В громадной нашей стране жила и благополучно питалась марксизмом громадная армия профессоров и преподавателей этих предметов, все — члены Коммунистической партии, все «идейно выдержанные и политически подкованные» (формулировка того времени для любого карьерного продвижения). Они и выглядели все почти одинаково: в строгих серых костюмах, всегда сосредоточенно-хмурые и все — без единой улыбки.
А при тех кафедрах были еще студенческие кружки, в которые партийный и комсомольский комитеты института очень рекомендовали записываться для более углубленного изучения предмета. По количеству учебных часов они занимали на первых двух курсах четвертую часть времени, а на старших курсах — шестую часть времени. Если студент пропускал занятия по основным предметам или «засыпал» зачет по ним, это было его заботой — надо отработать занятие и пересдать зачет. Но если он (или она) пропускал занятие по марксизму, а еще того хуже — не смог сдать зачет, то его поведение и идейный настрой разбирали на комсомольском собрании. После двух таких разборов провинившемуся выносили «выговор с занесением в личное дело». Это было зловещим сигналом — его могли исключить с плохой характеристикой, и тогда ни в какой другой институт его не приняли бы. Поняв это, мы вспомнили ту первую лекцию по марксизму! — неспроста нам внушали, что «без передовой советской идеологии нельзя стать хорошим советским врачом». Получалось, что без «передовой советской идеологии» вообще нельзя стать врачом.

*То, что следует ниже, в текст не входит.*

lemma interval_median_split:
  fixes A B :: "'v \<Rightarrow> real"
  assumes "finite V" and nonempty: "\<And>v. v \<in> V \<Longrightarrow> A v < B v"
  shows "\<exists>t. 2 * card {v\<in>V. B v \<le> t} \<le> card V \<and> 2 * card {v\<in>V. t < A v} \<le> card V"
proof (cases "V = {}")
  case False
  define right where "right x = {v\<in>V. x < A v}" for x
  define T where "T = {x \<in> A ` V. 2 * card (right x) \<le> card V}"
  have "A v \<le> Max (A ` V)" if "v \<in> V" for v
    using \<open>finite V\<close> that by (intro Max_ge) auto
  then have "right (Max (A ` V)) = {}"
    by (auto simp: right_def not_less)
  then have "Max (A ` V) \<in> T"
    using \<open>finite V\<close> False by (simp add: T_def)
  then have "finite T" "T \<noteq> {}"
    using \<open>finite V\<close> by (auto simp: T_def)
  define t where "t = Min T"
  have "t \<in> T"
    unfolding t_def using \<open>finite T\<close> \<open>T \<noteq> {}\<close> by (rule Min_in)
  moreover have "2 * card {v\<in>V. B v \<le> t} \<le> card V"
  proof (rule ccontr)
    assume "\<not> 2 * card {v\<in>V. B v \<le> t} \<le> card V"
    then obtain x where "x \<in> T" "x < t"
      using left_endpoint_below_majority[OF assms(1) nonempty] by (force simp: T_def right_def not_le)
    with \<open>finite T\<close> show False
      unfolding t_def by (meson Min_le not_le)
  qed
  ultimately show ?thesis
    by (auto simp: T_def right_def)
qed simp

definition overlap_on :: "'k set \<Rightarrow> ('k \<Rightarrow> 'v \<Rightarrow> real) \<Rightarrow> ('k \<Rightarrow> 'v \<Rightarrow> real) \<Rightarrow> 'v \<Rightarrow> 'v \<Rightarrow> bool" where
  "overlap_on K A B u v \<longleftrightarrow> (\<forall>k\<in>K. max (A k u) (A k v) < min (B k u) (B k v))"

lemma pairwise_overlap_on_Un:
  "pairwise (overlap_on K A B) V \<Longrightarrow> pairwise (overlap_on L A B) V \<Longrightarrow>
   pairwise (overlap_on (K \<union> L) A B) V"
  by (auto simp: pairwise_def overlap_on_def)

lemma box_Int_box_ne_empty_cart:
  fixes a b c d :: "real^'n"
  shows "box a b \<inter> box c d \<noteq> {} \<longleftrightarrow> (\<forall>k. max (a$k) (c$k) < min (b$k) (d$k))"
  by (auto simp: disjoint_interval_cart(4) not_le)

lemma power_Suc_add_le: "m ^ Suc j + Suc m ^ j \<le> Suc m ^ Suc (j::nat)"
proof -
  have "m * m ^ j \<le> m * Suc m ^ j" by (simp add: power_mono)
  then show ?thesis by simp
qed

text \<open>The k-th side of the box of vertex v is the open interval (A k v, B k v).\<close>

locale box_comparability_graph =
  fixes W :: "'v set" and r :: "'v rel" and A B :: "'k \<Rightarrow> 'v \<Rightarrow> real"
    and E :: "'v \<Rightarrow> 'v \<Rightarrow> bool"
  assumes trans: "trans r" and antisym: "antisym r"
    and nonempty: "\<And>v k. v \<in> W \<Longrightarrow> A k v < B k v"
    and adjacent_iff: "\<And>u v. u \<in> W \<Longrightarrow> v \<in> W \<Longrightarrow>
      E u v \<longleftrightarrow> comparability r u v \<and> overlap_on UNIV A B u v"
begin

lemma colouring_pairwise_overlapping:
  assumes "\<not> has_clique W E s" "finite V" "V \<subseteq> W" "pairwise (overlap_on UNIV A B) V"
  shows "\<exists>f. proper_colouring V E (s - 1) f"
proof -
  have "\<not> has_clique V (comparability r) s"
  proof
    assume "has_clique V (comparability r) s"
    then have "has_clique W E s"
    proof (rule has_clique_mono)
      fix u v assume "u \<in> V" "v \<in> V" "comparability r u v"
      with assms(3,4) show "E u v"
        using adjacent_iff[of u v] by (auto simp: pairwise_def comparability_def)
    qed (fact assms(3))
    with assms(1) show False ..
  qed
  then have f: "proper_colouring V (comparability r) (s - 1) (\<lambda>v. chain_height r V v - 1)"
    by (rule comparability_colouring[OF assms(2) trans antisym])
  have "comparability r u v" if "u \<in> V" "v \<in> V" "E u v" for u v
  proof -
    have "u \<in> W" "v \<in> W" using that assms(3) by auto
    with \<open>E u v\<close> show ?thesis using adjacent_iff by simp
  qed
  with f have "proper_colouring V E (s - 1) (\<lambda>v. chain_height r V v - 1)"
    unfolding proper_colouring_def by blast
  then show ?thesis by blast
qed
lemma cycle_prod_perturb_weight:
  assumes "0 < N"
  shows "cycle_prod N ori (\<lambda>k. perturb_weight k i) (\<lambda>k. perturb_weight k j)
       = of_nat (Suc (if ori 0 then i else j))"
proof -
  obtain M where N: "N = Suc M" using assms gr0_implies_Suc by blast
  have "cycle_prod N ori (\<lambda>k. perturb_weight k i) (\<lambda>k. perturb_weight k j)
      = (if ori 0 then perturb_weight 0 i else perturb_weight 0 j) *
        (\<Prod>k<M. if ori (Suc k) then perturb_weight (Suc k) i else perturb_weight (Suc k) j)"
    unfolding cycle_prod_def N by (rule prod.lessThan_Suc_shift)
  also have "\<dots> = of_nat (Suc (if ori 0 then i else j))"
    by (subst prod.neutral) (auto simp: perturb_weight_def simp del: of_nat_Suc)
  finally show ?thesis .
qed

lemma perturb_FRep: "A \<in> FRep m1 m2 n \<Longrightarrow> perturb n A t \<in> FRep m1 m2 n"
  unfolding FRep_def perturb_def by (auto simp: upper_triangular_def)

lemma finite_nongeneric_perturb: "finite {t. \<not> generic_rep m1 m2 ori n (perturb n A t)}"
proof -
  define N where "N = nverts m1 m2"
  define p where "p i j = (\<Prod>k<N. [:if ori k then A k $$ (i,i) else A k $$ (j,j),
      if ori k then perturb_weight k i else perturb_weight k j:])" for i j
  have cycle_prod_poly: "cycle_prod N ori (\<lambda>k. perturb n A t k $$ (i,i)) (\<lambda>k. perturb n A t k $$ (j,j))
      = poly (p i j) t" if "i < n" "j < n" for i j t
    using that cycle_prod_affine unfolding p_def perturb_def by (simp add: mult.commute)
  have "coeff (p i j) N = cycle_prod N ori (\<lambda>k. perturb_weight k i) (\<lambda>k. perturb_weight k j)" for i j
    unfolding p_def cycle_prod_def by (rule coeff_prod_linear) (simp add: perturb_weight_nonzero)
  hence "coeff (p i j) N = of_nat (Suc (if ori 0 then i else j))" for i j
    using cycle_prod_perturb_weight[of N] by (simp add: N_def nverts_def)
  hence "coeff (p i j - p j i) N \<noteq> 0" if "i \<noteq> j" for i j
    using that by simp
  hence diff_nonzero: "p i j - p j i \<noteq> 0" if "i \<noteq> j" for i j
    using that by (metis coeff_0)
  have roots: "finite {t. i \<noteq> j \<and> poly (p i j - p j i) t = 0}" for i j
  proof (cases "i = j")
    case False
    thus ?thesis using poly_roots_finite[OF diff_nonzero[OF False]] by simp
  qed simp
  have zeros: "finite {t. perturb n A t k $$ (i,i) = 0}" if "i < n" for k i
  proof -
    have "{t. perturb n A t k $$ (i,i) = 0} = {t. poly [:A k $$ (i,i), perturb_weight k i:] t = 0}"
      using that by (simp add: perturb_def mult.commute)
    thus ?thesis using poly_roots_finite perturb_weight_nonzero by (metis pCons_eq_0_iff)
  qed
  have "{t. \<not> generic_rep m1 m2 ori n (perturb n A t)}
      \<subseteq> (\<Union>k<N. \<Union>i<n. {t. perturb n A t k $$ (i,i) = 0})
      \<union> (\<Union>i<n. \<Union>j<n. {t. i \<noteq> j \<and> poly (p i j - p j i) t = 0})"
  proof
    fix t assume "t \<in> {t. \<not> generic_rep m1 m2 ori n (perturb n A t)}"
    then consider (zero) k i where "k < N" "i < n" "perturb n A t k $$ (i,i) = 0"
      | (cycle) i j where "i < j" "j < n"
        "cycle_prod N ori (\<lambda>k. perturb n A t k $$ (i,i)) (\<lambda>k. perturb n A t k $$ (j,j))
       = cycle_prod N ori (\<lambda>k. perturb n A t k $$ (j,j)) (\<lambda>k. perturb n A t k $$ (i,i))"
      unfolding generic_rep_def N_def by blast
    thus "t \<in> (\<Union>k<N. \<Union>i<n. {t. perturb n A t k $$ (i,i) = 0})
      \<union> (\<Union>i<n. \<Union>j<n. {t. i \<noteq> j \<and> poly (p i j - p j i) t = 0})"
    proof cases
      case zero thus ?thesis by blast
    next
      case cycle
      hence "i < n" by simp
      hence "i \<noteq> j \<and> poly (p i j - p j i) t = 0"
        using cycle cycle_prod_poly[of i j t] cycle_prod_poly[of j i t] by simp
      thus ?thesis using cycle \<open>i < n\<close> by blast
    qed
  qed
  moreover have "finite ((\<Union>k<N. \<Union>i<n. {t. perturb n A t k $$ (i,i) = 0})
      \<union> (\<Union>i<n. \<Union>j<n. {t. i \<noteq> j \<and> poly (p i j - p j i) t = 0}))"
    using zeros roots by simp
  ultimately show ?thesis by (rule finite_subset)
qed

lemma invariant_poly_eq_diag_part:
  assumes f: "f \<in> invariant_polys m1 m2 ori n" and A: "A \<in> FRep m1 m2 n"
  shows "f A = f (diag_part n A)"
proof -
  have fp: "f \<in> poly_funs (nverts m1 m2) n" using f unfolding invariant_polys_def by simp
  have "\<exists>p. \<forall>t. f (perturb n A t) = poly p t"
  proof (rule poly_funs_polynomial_family[OF fp])
    fix k i j assume "i < n" "j < n"
    thus "\<exists>q. \<forall>t. perturb n A t k $$ (i,j) = poly q t"
      by (intro exI[of _ "[:A k $$ (i,j), if i = j then perturb_weight k i else 0:]"])
        (simp add: perturb_def mult.commute)
  qed
  then obtain p where p: "\<forall>t. f (perturb n A t) = poly p t" by blast
  have "\<exists>q. \<forall>t. f (diag_part n (perturb n A t)) = poly q t"
  proof (rule poly_funs_polynomial_family[OF fp])
    fix k i j assume "i < n" "j < n"
    thus "\<exists>q. \<forall>t. diag_part n (perturb n A t) k $$ (i,j) = poly q t"
      by (intro exI[of _ "if i = j then [:A k $$ (i,i), perturb_weight k i:] else 0"])
        (simp add: perturb_def diag_part_def mat_diag_def mult.commute)
  qed
  then obtain q where q: "\<forall>t. f (diag_part n (perturb n A t)) = poly q t" by blast
  have "p = q"
    using finite_nongeneric_perturb
  proof (rule poly_eq_if_eq_cofinite)
    fix t assume "t \<notin> {t. \<not> generic_rep m1 m2 ori n (perturb n A t)}"
    thus "poly p t = poly q t"
      using invariant_poly_eq_on_generic[OF f perturb_FRep[OF A]] p q by simp
  qed
  hence "f (perturb n A 0) = f (diag_part n (perturb n A 0))" using p q by simp
  moreover have "f (perturb n A 0) = f A"
    by (rule poly_funs_cong[OF fp]) (simp add: perturb_def)
  moreover have "f (diag_part n (perturb n A 0)) = f (diag_part n A)"
    by (rule poly_funs_cong[OF fp]) (simp add: perturb_def diag_part_def mat_diag_def)
  ultimately show ?thesis by simp
qed

theorem mainTheorem5:
  fixes m1 m2 n :: nat and ori :: "nat \<Rightarrow> bool"
  assumes "has_source m1 m2 ori" and "has_sink m1 m2 ori"
  shows "(\<lambda>f. restrict f (FRep m1 m2 n)) ` invariant_polys m1 m2 ori n
       = (\<lambda>f. restrict f (FRep m1 m2 n)) ` diag_funs (nverts m1 m2) n"
proof
  show "(\<lambda>f. restrict f (FRep m1 m2 n)) ` invariant_polys m1 m2 ori n
     \<subseteq> (\<lambda>f. restrict f (FRep m1 m2 n)) ` diag_funs (nverts m1 m2) n"
  proof (rule image_subsetI)
    fix f assume f: "f \<in> invariant_polys m1 m2 ori n"
    then obtain h where h: "h \<in> diag_funs (nverts m1 m2) n" "\<forall>A. f (diag_part n A) = h A"
      using poly_funs_diag_part unfolding invariant_polys_def by blast
    have "restrict f (FRep m1 m2 n) = restrict h (FRep m1 m2 n)"
      using invariant_poly_eq_diag_part[OF f] h(2) by (auto simp: restrict_def)
    thus "restrict f (FRep m1 m2 n) \<in> (\<lambda>f. restrict f (FRep m1 m2 n)) ` diag_funs (nverts m1 m2) n"
      using h(1) by blast
  qed
  show "(\<lambda>f. restrict f (FRep m1 m2 n)) ` diag_funs (nverts m1 m2) n
     \<subseteq> (\<lambda>f. restrict f (FRep m1 m2 n)) ` invariant_polys m1 m2 ori n"
    using diag_funs_invariant by (rule image_mono)
qed

end
(* Let $n\ge1$, $p\in[0,1)$, and let $\mathcal{D}(\rho)=(1-p)\rho+p\,\mathbb{I}/2^n$ be the $n$-qubit global depolarizing channel. Consider Probabilistic Error Cancellation using the optimal quasiprobability decomposition $$\mathcal{D}^{-1}=\Big(1+\frac{(2^{2n}-1)p}{2^{2n}(1-p)}\Big)\mathrm{id}-\sum_{i=1}^{2^{2n}-1}\frac{p}{2^{2n}(1-p)}\mathcal{P}_i,$$ where $\mathcal{P}_i(\rho)=P_i\rho P_i$ ranges over the non-identity $n$-qubit Pauli strings $P_i$, with error mitigation cost $\gamma$ equal to the sum of the squares of the coefficients in this decomposition, and assume perfect correction so that mitigated cost differences equal noise-free cost differences $\Delta C$ while noisy cost differences are $\Delta\widetilde{C}=(1-p)\Delta C$. Then, for any pair of points on the cost landscape with $\Delta C\ne0$, the relative resolvability $\chi_{depol}=\frac{1}{\gamma}\big(\frac{\Delta C}{\Delta\widetilde{C}}\big)^2$ satisfies $$\chi_{depol}=\frac{2^{2n}}{2^{2n}-p(2-p)}\ge1.$$
   Context: Relative resolvability $\chi=\frac{1}{\gamma}(\Delta C_m/\Delta\widetilde{C})^2$ compares shots needed to resolve two cost values with and without mitigation; $\gamma$ is the error mitigation cost. *)

theory Defs
  imports Complex_Main
begin

text \<open>Coefficients of the quasiprobability decomposition of the inverse of the
  n-qubit global depolarizing channel with parameter p. Index 0 is the identity
  channel; indices 1 .. 4^n - 1 are the non-identity Pauli channels.\<close>
definition pec_coeff :: "nat \<Rightarrow> real \<Rightarrow> nat \<Rightarrow> real" where
  "pec_coeff n p i =
     (if i = 0 then 1 + ((2::real)^(2*n) - 1) * p / ((2::real)^(2*n) * (1 - p))
      else - (p / ((2::real)^(2*n) * (1 - p))))"

definition pec_cost :: "nat \<Rightarrow> real \<Rightarrow> real" where
  "pec_cost n p = (\<Sum>i\<in>{0..<2^(2*n)}. (pec_coeff n p i)^2)"

definition rel_resolvability :: "real \<Rightarrow> real \<Rightarrow> real \<Rightarrow> real" where
  "rel_resolvability \<gamma> dCm dCnoisy = (1 / \<gamma>) * (dCm / dCnoisy)^2"

end

theory Submission
  imports Defs
begin

text \<open>Perfect correction restores the signal lost to the factor \<open>1 - p\<close>, so
  \<open>\<chi> = 1 / (\<gamma> (1 - p)\<^sup>2)\<close>. With \<open>N = 2\<^sup>2\<^sup>n\<close> and the non-identity coefficient
  \<open>-b\<close>, \<open>b = p / (N (1 - p))\<close>, the identity coefficient is \<open>1 + (N - 1) b\<close>; after
  scaling by \<open>1 - p\<close> these become \<open>1 - p/N\<close> and \<open>p/N\<close>, whence
  \<open>\<gamma> (1 - p)\<^sup>2 = (1 - p/N)\<^sup>2 + (N - 1) (p/N)\<^sup>2 = 1 - p (2 - p) / N \<le> 1\<close>.\<close>

lemma pec_cost_eq:
  "pec_cost n p = (pec_coeff n p 0)\<^sup>2 + ((2::real)^(2*n) - 1) * (p / ((2::real)^(2*n) * (1 - p)))\<^sup>2"
proof -
  have "pec_cost n p = (pec_coeff n p 0)\<^sup>2 + (\<Sum>i\<in>{1..<2^(2*n)}. (pec_coeff n p i)\<^sup>2)"
    unfolding pec_cost_def by (simp add: sum.atLeast_Suc_lessThan)
  also have "(\<Sum>i\<in>{1..<2^(2*n)}. (pec_coeff n p i)\<^sup>2)
      = (\<Sum>i\<in>{1..<2^(2*n)::nat}. (p / ((2::real)^(2*n) * (1 - p)))\<^sup>2)"
    by (rule sum.cong) (auto simp: pec_coeff_def)
  also have "\<dots> = ((2::real)^(2*n) - 1) * (p / ((2::real)^(2*n) * (1 - p)))\<^sup>2"
    by (simp add: of_nat_diff)
  finally show ?thesis .
qed

lemma pec_cost_mult_square:
  assumes "p \<noteq> 1"
  shows "pec_cost n p * (1 - p)\<^sup>2 = 1 - p * (2 - p) / (2::real)^(2*n)"
proof -
  define N :: real where "N = 2^(2*n)"
  have "N > 0" unfolding N_def by simp
  have scaled_coeff: "p / (N * (1 - p)) * (1 - p) = p / N"
    using assms \<open>N > 0\<close> by (simp add: field_simps)
  have "pec_coeff n p 0 = 1 + (N - 1) * (p / (N * (1 - p)))"
    by (simp add: pec_coeff_def N_def)
  then have scaled_coeff0: "pec_coeff n p 0 * (1 - p) = 1 - p / N"
    using assms \<open>N > 0\<close> by (simp add: field_simps)
  have "pec_cost n p * (1 - p)\<^sup>2
      = ((pec_coeff n p 0)\<^sup>2 + (N - 1) * (p / (N * (1 - p)))\<^sup>2) * (1 - p)\<^sup>2"
    by (simp add: pec_cost_eq N_def)
  also have "\<dots> = (pec_coeff n p 0 * (1 - p))\<^sup>2 + (N - 1) * (p / (N * (1 - p)) * (1 - p))\<^sup>2"
    by (simp only: power_mult_distrib distrib_right mult.assoc)
  also have "\<dots> = (1 - p / N)\<^sup>2 + (N - 1) * (p / N)\<^sup>2"
    by (simp only: scaled_coeff scaled_coeff0)
  also have "\<dots> = 1 - p * (2 - p) / N"
    using \<open>N > 0\<close> by (simp add: field_simps power2_eq_square)
  finally show ?thesis unfolding N_def .
qed

lemma rel_resolvability_scaled:
  assumes "dC \<noteq> 0"
  shows "rel_resolvability \<gamma> dC (c * dC) = 1 / (\<gamma> * c\<^sup>2)"
  using assms by (simp add: rel_resolvability_def power_divide)

theorem proposition5:
  fixes n :: nat and p dC dCnoisy :: real
  assumes "n \<ge> 1" and "0 \<le> p" and "p < 1"
    and "dC \<noteq> 0"
    and "dCnoisy = (1 - p) * dC"
  shows "rel_resolvability (pec_cost n p) dC dCnoisy
           = (2::real)^(2*n) / ((2::real)^(2*n) - p * (2 - p))
       \<and> rel_resolvability (pec_cost n p) dC dCnoisy \<ge> 1"
proof -
  define N :: real where "N = 2^(2*n)"
  have "N \<ge> 1" unfolding N_def by simp
  have "p * (2 - p) = 1 - (1 - p)\<^sup>2"
    by (simp add: power2_eq_square algebra_simps)
  then have "0 \<le> p * (2 - p)" "p * (2 - p) < 1"
    using assms(2,3) power_le_one[of "1 - p" 2] by simp_all
  then have gap: "0 \<le> p * (2 - p)" "p * (2 - p) < N" using \<open>N \<ge> 1\<close> by auto
  have "rel_resolvability (pec_cost n p) dC dCnoisy = 1 / (1 - p * (2 - p) / N)"
    using assms(3-5) by (simp add: rel_resolvability_scaled pec_cost_mult_square N_def)
  also have "\<dots> = N / (N - p * (2 - p))"
    using \<open>N \<ge> 1\<close> by (simp add: field_simps)
  finally show ?thesis using gap by (simp add: N_def)
qed

end
definition banach_subspace :: "(complex \<Rightarrow> complex) set \<Rightarrow> ((complex \<Rightarrow> complex) \<Rightarrow> real) \<Rightarrow> bool" where
  "banach_subspace X nX \<longleftrightarrow>
     X \<subseteq> HD \<and> (\<lambda>z. 0) \<in> X \<and>
     (\<forall>f\<in>X. \<forall>g\<in>X. (\<lambda>z. f z + g z) \<in> X) \<and>
     (\<forall>c. \<forall>f\<in>X. (\<lambda>z. c * f z) \<in> X) \<and>
     (\<forall>f\<in>X. 0 \<le> nX f) \<and>
     (\<forall>f\<in>X. nX f = 0 \<longleftrightarrow> f = (\<lambda>z. 0)) \<and>
     (\<forall>c. \<forall>f\<in>X. nX (\<lambda>z. c * f z) = norm c * nX f) \<and>
     (\<forall>f\<in>X. \<forall>g\<in>X. nX (\<lambda>z. f z + g z) \<le> nX f + nX g) \<and>
     (\<forall>F. (\<forall>n. F n \<in> X) \<and>
          (\<forall>e>0. \<exists>N. \<forall>m\<ge>N. \<forall>n\<ge>N. nX (\<lambda>z. F m z - F n z) < e) \<longrightarrow>
          (\<exists>f\<in>X. (\<lambda>n. nX (\<lambda>z. F n z - f z)) \<longlonglongrightarrow> 0))"

definition initial_space :: "(complex \<Rightarrow> complex) set \<Rightarrow> ((complex \<Rightarrow> complex) \<Rightarrow> real) \<Rightarrow> bool" where
  "initial_space X nX \<longleftrightarrow>
     banach_subspace X nX \<and>
     (\<forall>p :: complex poly. restr (poly p) \<in> X) \<and>
     (\<forall>F. (\<forall>n. F n \<in> X \<and> nX (F n) \<le> 1) \<longrightarrow>
        (\<exists>(\<sigma>::nat \<Rightarrow> nat) f. strict_mono \<sigma> \<and> f \<in> X \<and> uc_conv (F \<circ> \<sigma>) f))"

definition dual_sp :: "(complex \<Rightarrow> complex) set \<Rightarrow> ((complex \<Rightarrow> complex) \<Rightarrow> real)
     \<Rightarrow> ((complex \<Rightarrow> complex) \<Rightarrow> complex) set" where
  "dual_sp X nX = {\<phi>.
     (\<forall>f\<in>X. \<forall>g\<in>X. \<phi> (\<lambda>z. f z + g z) = \<phi> f + \<phi> g) \<and>
     (\<forall>c. \<forall>f\<in>X. \<phi> (\<lambda>z. c * f z) = c * \<phi> f) \<and>
     (\<exists>K. \<forall>f\<in>X. norm (\<phi> f) \<le> K * nX f)}"

definition dual_norm :: "(complex \<Rightarrow> complex) set \<Rightarrow> ((complex \<Rightarrow> complex) \<Rightarrow> real)
     \<Rightarrow> ((complex \<Rightarrow> complex) \<Rightarrow> complex) \<Rightarrow> real" where
  "dual_norm X nX \<phi> = (SUP f\<in>{f\<in>X. nX f \<le> 1}. norm (\<phi> f))"

definition bidual_sp :: "(complex \<Rightarrow> complex) set \<Rightarrow> ((complex \<Rightarrow> complex) \<Rightarrow> real)
     \<Rightarrow> (((complex \<Rightarrow> complex) \<Rightarrow> complex) \<Rightarrow> complex) set" where
  "bidual_sp X nX = {\<Phi>.
     (\<forall>\<phi>\<in>dual_sp X nX. \<forall>\<psi>\<in>dual_sp X nX. \<Phi> (\<lambda>f. \<phi> f + \<psi> f) = \<Phi> \<phi> + \<Phi> \<psi>) \<and>
     (\<forall>c. \<forall>\<phi>\<in>dual_sp X nX. \<Phi> (\<lambda>f. c * \<phi> f) = c * \<Phi> \<phi>) \<and>
     (\<exists>K. \<forall>\<phi>\<in>dual_sp X nX. norm (\<Phi> \<phi>) \<le> K * dual_norm X nX \<phi>)}"

definition reflexive_sp :: "(complex \<Rightarrow> complex) set \<Rightarrow> ((complex \<Rightarrow> complex) \<Rightarrow> real) \<Rightarrow> bool" where
  "reflexive_sp X nX \<longleftrightarrow>
     (\<forall>\<Phi>\<in>bidual_sp X nX. \<exists>x\<in>X. \<forall>\<phi>\<in>dual_sp X nX. \<Phi> \<phi> = \<phi> x)"

definition typical_weight :: "(complex \<Rightarrow> real) \<Rightarrow> bool" where
  "typical_weight v \<longleftrightarrow>
     continuous_on disk v \<and>
     (\<forall>z\<in>disk. 0 < v z \<and> v z \<le> 1) \<and>
     (\<forall>z\<in>disk. \<forall>w\<in>disk. norm z = norm w \<longrightarrow> v z = v w) \<and>
     (\<forall>z\<in>disk. \<forall>w\<in>disk. norm z \<le> norm w \<longrightarrow> v w \<le> v z) \<and>
     (v \<longlongrightarrow> 0) (filtercomap norm (at_left 1))"

definition Hv :: "(complex \<Rightarrow> real) \<Rightarrow> (complex \<Rightarrow> complex) set" where
  "Hv v = {f\<in>HD. bounded ((\<lambda>z. v z * norm (f z)) ` disk)}"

Занятия на этих кафедрах были простой догматикой: без каких-либо объяснений преподаватели зачитывали текст учебника и требовали, чтобы мы его конспектировали. Основной книгой был «Краткий курс истории ВКП(б)» — единственный из учебников, который в избытке стоял на полках институтской библиотеки. «Святая святых» была четвертая глава этой толстой книги, в которой туманно излагались основы марксистской философии. Хотя преподаватели вслух не говорили, но намекали, что эту главу написал сам товарищ Сталин. Все годы мы мусолили се на занятиях, уча почти наизусть (как магометане в школах-медресе учат свой Коран).